Below are entries; output exactly the lines from the one with "c) * det (mat_delete" to the one with "by (rule eq_matI)", both included, and nothing else.
START EXTRACTED RECORDS
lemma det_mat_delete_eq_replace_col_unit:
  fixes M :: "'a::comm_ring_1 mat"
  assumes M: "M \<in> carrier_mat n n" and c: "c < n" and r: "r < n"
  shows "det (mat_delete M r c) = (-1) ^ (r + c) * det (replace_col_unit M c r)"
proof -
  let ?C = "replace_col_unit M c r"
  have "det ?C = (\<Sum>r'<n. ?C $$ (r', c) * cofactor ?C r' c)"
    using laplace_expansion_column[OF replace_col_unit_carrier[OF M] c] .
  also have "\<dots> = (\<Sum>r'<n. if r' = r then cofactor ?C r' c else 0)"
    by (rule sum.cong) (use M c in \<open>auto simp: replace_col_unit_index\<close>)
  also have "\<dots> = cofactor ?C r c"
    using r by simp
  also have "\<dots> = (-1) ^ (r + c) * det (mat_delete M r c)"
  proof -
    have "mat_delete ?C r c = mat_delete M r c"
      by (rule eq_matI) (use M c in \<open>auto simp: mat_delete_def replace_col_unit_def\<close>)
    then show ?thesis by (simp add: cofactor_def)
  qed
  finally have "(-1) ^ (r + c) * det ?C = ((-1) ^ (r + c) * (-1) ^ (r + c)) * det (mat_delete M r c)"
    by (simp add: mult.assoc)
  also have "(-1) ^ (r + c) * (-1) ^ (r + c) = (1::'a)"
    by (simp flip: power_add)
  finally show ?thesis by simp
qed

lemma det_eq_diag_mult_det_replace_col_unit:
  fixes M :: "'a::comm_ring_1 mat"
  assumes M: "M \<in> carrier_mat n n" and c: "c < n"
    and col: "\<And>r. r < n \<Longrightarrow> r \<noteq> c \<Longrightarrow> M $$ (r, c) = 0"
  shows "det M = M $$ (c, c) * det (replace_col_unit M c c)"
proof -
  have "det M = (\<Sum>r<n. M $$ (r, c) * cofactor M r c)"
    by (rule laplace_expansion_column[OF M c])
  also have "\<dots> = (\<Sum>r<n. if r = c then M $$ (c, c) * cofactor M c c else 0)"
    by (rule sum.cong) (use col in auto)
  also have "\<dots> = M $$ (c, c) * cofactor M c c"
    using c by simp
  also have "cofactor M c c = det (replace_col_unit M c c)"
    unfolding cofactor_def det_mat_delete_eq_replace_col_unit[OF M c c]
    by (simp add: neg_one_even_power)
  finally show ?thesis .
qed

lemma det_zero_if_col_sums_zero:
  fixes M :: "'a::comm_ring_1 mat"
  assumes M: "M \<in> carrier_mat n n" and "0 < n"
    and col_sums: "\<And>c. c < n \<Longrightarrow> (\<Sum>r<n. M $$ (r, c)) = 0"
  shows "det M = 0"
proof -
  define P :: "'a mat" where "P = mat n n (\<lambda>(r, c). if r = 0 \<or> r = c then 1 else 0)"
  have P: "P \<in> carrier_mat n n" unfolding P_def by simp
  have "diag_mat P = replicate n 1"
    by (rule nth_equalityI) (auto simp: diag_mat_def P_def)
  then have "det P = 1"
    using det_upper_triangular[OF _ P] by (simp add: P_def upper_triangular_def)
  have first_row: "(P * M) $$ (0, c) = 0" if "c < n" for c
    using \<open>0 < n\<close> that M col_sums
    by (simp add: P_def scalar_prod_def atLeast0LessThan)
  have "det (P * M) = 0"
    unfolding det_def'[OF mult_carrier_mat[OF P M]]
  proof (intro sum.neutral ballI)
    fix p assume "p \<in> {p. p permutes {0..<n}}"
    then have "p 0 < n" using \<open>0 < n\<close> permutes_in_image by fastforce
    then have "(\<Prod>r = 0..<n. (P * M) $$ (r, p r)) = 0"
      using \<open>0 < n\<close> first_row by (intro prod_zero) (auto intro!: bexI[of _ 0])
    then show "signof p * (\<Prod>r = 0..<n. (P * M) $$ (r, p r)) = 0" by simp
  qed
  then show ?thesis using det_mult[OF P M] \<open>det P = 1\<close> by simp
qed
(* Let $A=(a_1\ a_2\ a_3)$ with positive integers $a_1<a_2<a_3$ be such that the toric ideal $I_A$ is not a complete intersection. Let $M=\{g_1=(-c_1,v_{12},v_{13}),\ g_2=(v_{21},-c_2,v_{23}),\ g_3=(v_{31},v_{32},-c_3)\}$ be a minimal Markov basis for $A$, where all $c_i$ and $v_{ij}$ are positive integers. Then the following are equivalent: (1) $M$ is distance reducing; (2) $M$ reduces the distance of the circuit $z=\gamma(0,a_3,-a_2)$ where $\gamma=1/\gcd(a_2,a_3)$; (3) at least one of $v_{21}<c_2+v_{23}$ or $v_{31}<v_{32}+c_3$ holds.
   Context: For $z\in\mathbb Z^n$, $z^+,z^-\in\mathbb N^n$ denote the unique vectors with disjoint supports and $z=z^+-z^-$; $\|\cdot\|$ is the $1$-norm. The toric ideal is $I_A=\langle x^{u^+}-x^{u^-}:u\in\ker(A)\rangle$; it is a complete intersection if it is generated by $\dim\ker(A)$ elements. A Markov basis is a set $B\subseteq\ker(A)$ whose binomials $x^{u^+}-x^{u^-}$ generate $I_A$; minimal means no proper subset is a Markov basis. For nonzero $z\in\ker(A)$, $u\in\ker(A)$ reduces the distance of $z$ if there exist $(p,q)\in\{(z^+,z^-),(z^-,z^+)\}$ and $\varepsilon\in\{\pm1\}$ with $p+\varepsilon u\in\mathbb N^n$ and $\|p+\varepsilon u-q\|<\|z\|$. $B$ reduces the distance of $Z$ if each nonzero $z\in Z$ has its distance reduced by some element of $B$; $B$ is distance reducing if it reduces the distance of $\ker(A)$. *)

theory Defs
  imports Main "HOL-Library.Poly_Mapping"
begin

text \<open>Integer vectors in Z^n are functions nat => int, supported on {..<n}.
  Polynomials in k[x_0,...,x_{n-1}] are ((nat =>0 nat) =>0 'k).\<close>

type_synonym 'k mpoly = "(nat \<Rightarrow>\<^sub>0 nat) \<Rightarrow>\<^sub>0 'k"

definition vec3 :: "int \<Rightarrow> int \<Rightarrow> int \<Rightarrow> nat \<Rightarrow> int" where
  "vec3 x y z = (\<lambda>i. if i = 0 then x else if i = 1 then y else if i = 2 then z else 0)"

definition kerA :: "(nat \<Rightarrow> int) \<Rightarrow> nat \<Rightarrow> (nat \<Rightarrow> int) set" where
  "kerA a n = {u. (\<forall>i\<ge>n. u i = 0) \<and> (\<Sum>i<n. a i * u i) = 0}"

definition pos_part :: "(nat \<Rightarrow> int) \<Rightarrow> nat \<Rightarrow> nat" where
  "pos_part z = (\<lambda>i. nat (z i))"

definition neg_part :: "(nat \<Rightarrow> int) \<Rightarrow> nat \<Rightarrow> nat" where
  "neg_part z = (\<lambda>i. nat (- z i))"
END EXTRACTED RECORDS
# EXERCISE RESPONSE
  also have "\<dots> = (-1) ^ (r + c) * det (mat_delete M r c)"
  proof -
    have "mat_delete ?C r c = mat_delete M r c"
      by (rule eq_matI) (use M c in \<open>auto simp: mat_delete_def replace_col_unit_def\<close>)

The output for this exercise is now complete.